BEGIN
text \<open>G(lambda, mu); lo j, hi j stand for underline P(q,a,q_j), overline P(q,a,q_j).\<close>
definition Gfun :: "(nat \<Rightarrow> real) \<Rightarrow> (nat \<Rightarrow> real) \<Rightarrow> (nat \<Rightarrow> real) \<Rightarrow> (nat \<Rightarrow> nat \<Rightarrow> real)
    \<Rightarrow> nat set \<Rightarrow> nat set \<Rightarrow> real \<Rightarrow> real \<Rightarrow> real \<Rightarrow> real" where
  "Gfun lo hi p c I J eps lam \<mu> =
     (\<Sum>j\<in>J. min (lo j * (hfun p c I j \<mu> - lam)) (hi j * (hfun p c I j \<mu> - lam))) - \<mu> * eps + lam"

definition lp_feasible :: "(nat \<Rightarrow> real) \<Rightarrow> (nat \<Rightarrow> real) \<Rightarrow> (nat \<Rightarrow> nat \<Rightarrow> real)
    \<Rightarrow> nat set \<Rightarrow> nat set \<Rightarrow> real
    \<Rightarrow> (nat \<Rightarrow> real) \<Rightarrow> (nat \<Rightarrow> real) \<Rightarrow> (nat \<Rightarrow> nat \<Rightarrow> real) \<Rightarrow> bool" where
  "lp_feasible lo hi c I J eps \<gamma> \<gamma>h \<pi> \<longleftrightarrow>
     (\<forall>j\<in>J. lo j \<le> \<gamma>h j \<and> \<gamma>h j \<le> hi j) \<and>
     (\<Sum>j\<in>J. \<gamma>h j) = 1 \<and>
     (\<forall>i\<in>I. \<forall>j\<in>J. 0 \<le> \<pi> i j) \<and>
     (\<forall>j\<in>J. (\<Sum>i\<in>I. \<pi> i j) = \<gamma>h j) \<and>
     (\<forall>i\<in>I. (\<Sum>j\<in>J. \<pi> i j) = \<gamma> i) \<and>
     (\<Sum>i\<in>I. \<Sum>j\<in>J. \<pi> i j * c i j) \<le> eps"

definition lp_objective :: "(nat \<Rightarrow> real) \<Rightarrow> nat set \<Rightarrow> (nat \<Rightarrow> real) \<Rightarrow> real" where
  "lp_objective p I \<gamma> = (\<Sum>i\<in>I. \<gamma> i * p i)"

definition cost_mat :: "real \<Rightarrow> (nat \<Rightarrow> ('a::euclidean_space) set) \<Rightarrow> nat \<Rightarrow> nat \<Rightarrow> real" where
  "cost_mat s R i j = region_cost s (R i) (R j)"

definition idx_W :: "nat \<Rightarrow> (nat \<Rightarrow> 'a \<Rightarrow> 'a) \<Rightarrow> (nat \<Rightarrow> ('a::euclidean_space) set) \<Rightarrow> 'a set
    \<Rightarrow> nat \<Rightarrow> nat \<Rightarrow> nat set" where
  "idx_W N f R W q u = {i\<in>{1..N}. reach_set (f u) (R q) W \<inter> R i \<noteq> {}}"

definition idx_P :: "nat \<Rightarrow> (nat \<Rightarrow> nat \<Rightarrow> nat \<Rightarrow> real) \<Rightarrow> nat \<Rightarrow> nat \<Rightarrow> nat set" where
  "idx_P N hi q u = {i\<in>{1..N}. hi q u i > 0}"

end

theory Submission
  imports Defs
begin

text \<open>For fixed \<open>\<mu>\<close> the inner problem \<open>min {\<Sum>j. g j * v j | lo \<le> g \<le> hi, \<Sum>j. g j = 1}\<close>
  is solved greedily, and its dual in the multiplier \<open>\<lambda>\<close> of \<open>\<Sum>j. g j = 1\<close> is maximal at
  \<open>\<lambda> = v j0\<close> for the index \<open>j0\<close> at which the greedy filling reaches mass \<open>1\<close>;
  this gives the formula for \<open>max\<^sub>\<lambda> G \<lambda> \<mu>\<close>. \<open>G\<close> is concave because each \<open>h\<^sub>j\<close>
  is a minimum of affine functions of \<open>\<mu>\<close> and \<open>t \<mapsto> min (lo * t) (hi * t)\<close> is concave and
  nondecreasing. Weak duality follows from \<open>h\<^sub>j \<mu> \<le> p i + \<mu> * c i j\<close>. For strong
  duality, the optimal value \<open>V e\<close> of the LP with transport budget \<open>e\<close> is convex,
  nonincreasing and Lipschitz from the right (mass moved at positive cost can be put back
  on the diagonal at a price proportional to that cost), so it has a subgradient
  \<open>-\<mu>\<close> at \<open>\<epsilon>\<^sup>s\<close>, even when \<open>\<epsilon> = 0\<close>; this \<open>\<mu>\<close> is an optimal multiplier.\<close>

section \<open>Linear optimisation over a box-constrained simplex\<close>

definition box_simplex :: "('a \<Rightarrow> real) \<Rightarrow> ('a \<Rightarrow> real) \<Rightarrow> 'a set \<Rightarrow> ('a \<Rightarrow> real) \<Rightarrow> bool" where
  "box_simplex lo hi J g \<longleftrightarrow> (\<forall>j\<in>J. lo j \<le> g j \<and> g j \<le> hi j) \<and> (\<Sum>j\<in>J. g j) = 1"
(* Let $A\in\mathbb{Z}^{d\times n}$ be totally unimodular, $\mathbf{b}\in\mathbb{Z}^d$, $\mathbf{c}\in\mathbb{Z}^n$, $\mathbf{u}\in\mathbb{Z}_{\ge0}^n$. Then from any feasible solution of $\min\{\mathbf{c}^\top\mathbf{x} : A\mathbf{x}=\mathbf{b},\ \mathbf{0}\le\mathbf{x}\le\mathbf{u},\ \mathbf{x}\in\mathbb{Z}^n\}$, every sequence of discrete steepest-descent augmentations reaches an optimal solution after at most $n(d+1)\|\mathbf{c}\|_1$ augmentations.
   Context: For $\mathbf{v},\mathbf{w}\in\mathbb{R}^n$ write $\mathbf{v}\sqsubseteq\mathbf{w}$ if $v_iw_i\ge0$ and $|v_i|\le|w_i|$ for all $i$; the Graver basis $\mathcal{G}(A)$ is the set of $\sqsubseteq$-minimal elements of $(\ker(A)\cap\mathbb{Z}^n)\setminus\{\mathbf{0}\}$. Discrete steepest-descent augmentation (ILP): given a feasible $\mathbf{x}_k$, choose $\mathbf{z}\in\mathcal{G}(A)$ maximizing $-\mathbf{c}^\top\mathbf{z}/\|\mathbf{z}\|_1$ among all $\mathbf{z}\in\mathcal{G}(A)$ with $\mathbf{x}_k+\mathbf{z}$ feasible; if this maximum is positive, let $\alpha$ be the largest integer with $\mathbf{x}_k+\alpha\mathbf{z}$ feasible and set $\mathbf{x}_{k+1}:=\mathbf{x}_k+\alpha\mathbf{z}$, otherwise stop. *)

theory Defs
  imports Complex_Main "Jordan_Normal_Form.Determinant" "Jordan_Normal_Form.DL_Submatrix"
begin

(* A is d x n with d = dim_row A, n = dim_col A. *)

definition totally_unimodular :: "int mat \<Rightarrow> bool" where
  "totally_unimodular A \<longleftrightarrow>
     (\<forall>I J. I \<subseteq> {..<dim_row A} \<longrightarrow> J \<subseteq> {..<dim_col A} \<longrightarrow> card I = card J \<longrightarrow>
        det (submatrix A I J) \<in> {-1, 0, 1})"

definition conf_le :: "int vec \<Rightarrow> int vec \<Rightarrow> bool" (infix "\<sqsubseteq>" 50) where
  "v \<sqsubseteq> w \<longleftrightarrow> dim_vec v = dim_vec w \<and>
     (\<forall>i<dim_vec v. v $ i * w $ i \<ge> 0 \<and> \<bar>v $ i\<bar> \<le> \<bar>w $ i\<bar>)"

definition int_kernel :: "int mat \<Rightarrow> int vec set" where
  "int_kernel A = {z. z \<in> carrier_vec (dim_col A) \<and> A *\<^sub>v z = 0\<^sub>v (dim_row A)}"

definition graver :: "int mat \<Rightarrow> int vec set" where
  "graver A = {z \<in> int_kernel A - {0\<^sub>v (dim_col A)}.
      \<not> (\<exists>y \<in> int_kernel A - {0\<^sub>v (dim_col A)}. y \<sqsubseteq> z \<and> y \<noteq> z)}"

definition feasible :: "int mat \<Rightarrow> int vec \<Rightarrow> int vec \<Rightarrow> int vec \<Rightarrow> bool" where
  "feasible A b u x \<longleftrightarrow> x \<in> carrier_vec (dim_col A) \<and> A *\<^sub>v x = b \<and>
     (\<forall>i<dim_col A. 0 \<le> x $ i \<and> x $ i \<le> u $ i)"

definition norm1 :: "int vec \<Rightarrow> int" where
  "norm1 v = (\<Sum>i<dim_vec v. \<bar>v $ i\<bar>)"

definition ratio :: "int vec \<Rightarrow> int vec \<Rightarrow> real" where
  "ratio c z = - real_of_int (c \<bullet> z) / real_of_int (norm1 z)"

definition sd_step :: "int mat \<Rightarrow> int vec \<Rightarrow> int vec \<Rightarrow> int vec \<Rightarrow> int vec \<Rightarrow> int vec \<Rightarrow> bool" where
  "sd_step A b c u x x' \<longleftrightarrow>
     (\<exists>z \<alpha>. z \<in> graver A \<and> feasible A b u (x + z) \<and>
        (\<forall>z' \<in> graver A. feasible A b u (x + z') \<longrightarrow> ratio c z' \<le> ratio c z) \<and>
        ratio c z > 0 \<and>
        feasible A b u (x + \<alpha> \<cdot>\<^sub>v z) \<and>
        (\<forall>\<beta>::int. feasible A b u (x + \<beta> \<cdot>\<^sub>v z) \<longrightarrow> \<beta> \<le> \<alpha>) \<and>
        x' = x + \<alpha> \<cdot>\<^sub>v z)"

definition sd_stops :: "int mat \<Rightarrow> int vec \<Rightarrow> int vec \<Rightarrow> int vec \<Rightarrow> int vec \<Rightarrow> bool" where
  "sd_stops A b c u x \<longleftrightarrow>
     \<not> (\<exists>z \<in> graver A. feasible A b u (x + z) \<and> ratio c z > 0)"

definition optimal :: "int mat \<Rightarrow> int vec \<Rightarrow> int vec \<Rightarrow> int vec \<Rightarrow> int vec \<Rightarrow> bool" where
  "optimal A b c u x \<longleftrightarrow> feasible A b u x \<and> (\<forall>y. feasible A b u y \<longrightarrow> c \<bullet> x \<le> c \<bullet> y)"

end

theory Submission
  imports Defs
begin

(*
  The proof combines three independent facts.
  (1) Conformal decomposition: every kernel vector is a conformal sum of Graver elements, so a
      bound -c.g <= r |g|_1 valid for all Graver elements g conformal to a kernel vector w
      holds for w as well.  With r = 0 this shows that a point where the augmentation stops
      is optimal.
  (2) Graver elements of a totally unimodular d x n matrix are {-1,0,1}-vectors with at most
      d + 1 nonzero entries: below every kernel vector lies a conformal circuit, built from
      the cofactors of a maximal nonsingular submatrix (Cramer's rule).
  (3) Along a run, the ratios -c.z_k / |z_k|_1 never increase, every step saturates a bound in
      some coordinate, and while the ratio stays constant a saturated coordinate is not moved
      again.  So the pair (ratio, saturated coordinate) determines the step; by (2) the ratios
      are fractions p / q with 1 <= p <= |c|_1 and 1 <= q <= d + 1, whence the bound.
*)

section \<open>Conformal order, Graver elements and optimality\<close>

text \<open>For integers, conformality \<open>a \<sqsubseteq> b\<close> means that \<open>a\<close> lies between \<open>0\<close> and \<open>b\<close>;
  this turns all coordinatewise reasoning about \<open>\<sqsubseteq>\<close> into linear arithmetic.\<close>
lemma conformal_int_iff:
  fixes a b :: int
  shows "(0 \<le> a * b \<and> \<bar>a\<bar> \<le> \<bar>b\<bar>) \<longleftrightarrow> (0 \<le> a \<and> a \<le> b) \<or> (b \<le> a \<and> a \<le> 0)"
  by (cases "0 \<le> a"; cases "0 \<le> b") (auto simp: zero_le_mult_iff)

lemma conf_le_iff:
  "v \<sqsubseteq> w \<longleftrightarrow> dim_vec v = dim_vec w \<and>
     (\<forall>i<dim_vec w. (0 \<le> v $ i \<and> v $ i \<le> w $ i) \<or> (w $ i \<le> v $ i \<and> v $ i \<le> 0))"
  unfolding conf_le_def conformal_int_iff by auto

lemma conf_le_refl: "v \<sqsubseteq> v"
  by (auto simp: conf_le_iff)

lemma conf_le_trans: "x \<sqsubseteq> y \<Longrightarrow> y \<sqsubseteq> z \<Longrightarrow> x \<sqsubseteq> z"
  unfolding conf_le_iff by (metis order_trans)

lemma norm1_nonneg: "0 \<le> norm1 v"
  by (auto simp: norm1_def intro: sum_nonneg)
END
• WORK REQUIRED:
Scan the records above for the lines holding "the cofactors of" and "(2) the ratios". Transcribe those two and every line between them word for word, and no others.

• SOLVED PROBLEM:
      the cofactors of a maximal nonsingular submatrix (Cramer's rule).
  (3) Along a run, the ratios -c.z_k / |z_k|_1 never increase, every step saturates a bound in
      some coordinate, and while the ratio stays constant a saturated coordinate is not moved
      again.  So the pair (ratio, saturated coordinate) determines the step; by (2) the ratios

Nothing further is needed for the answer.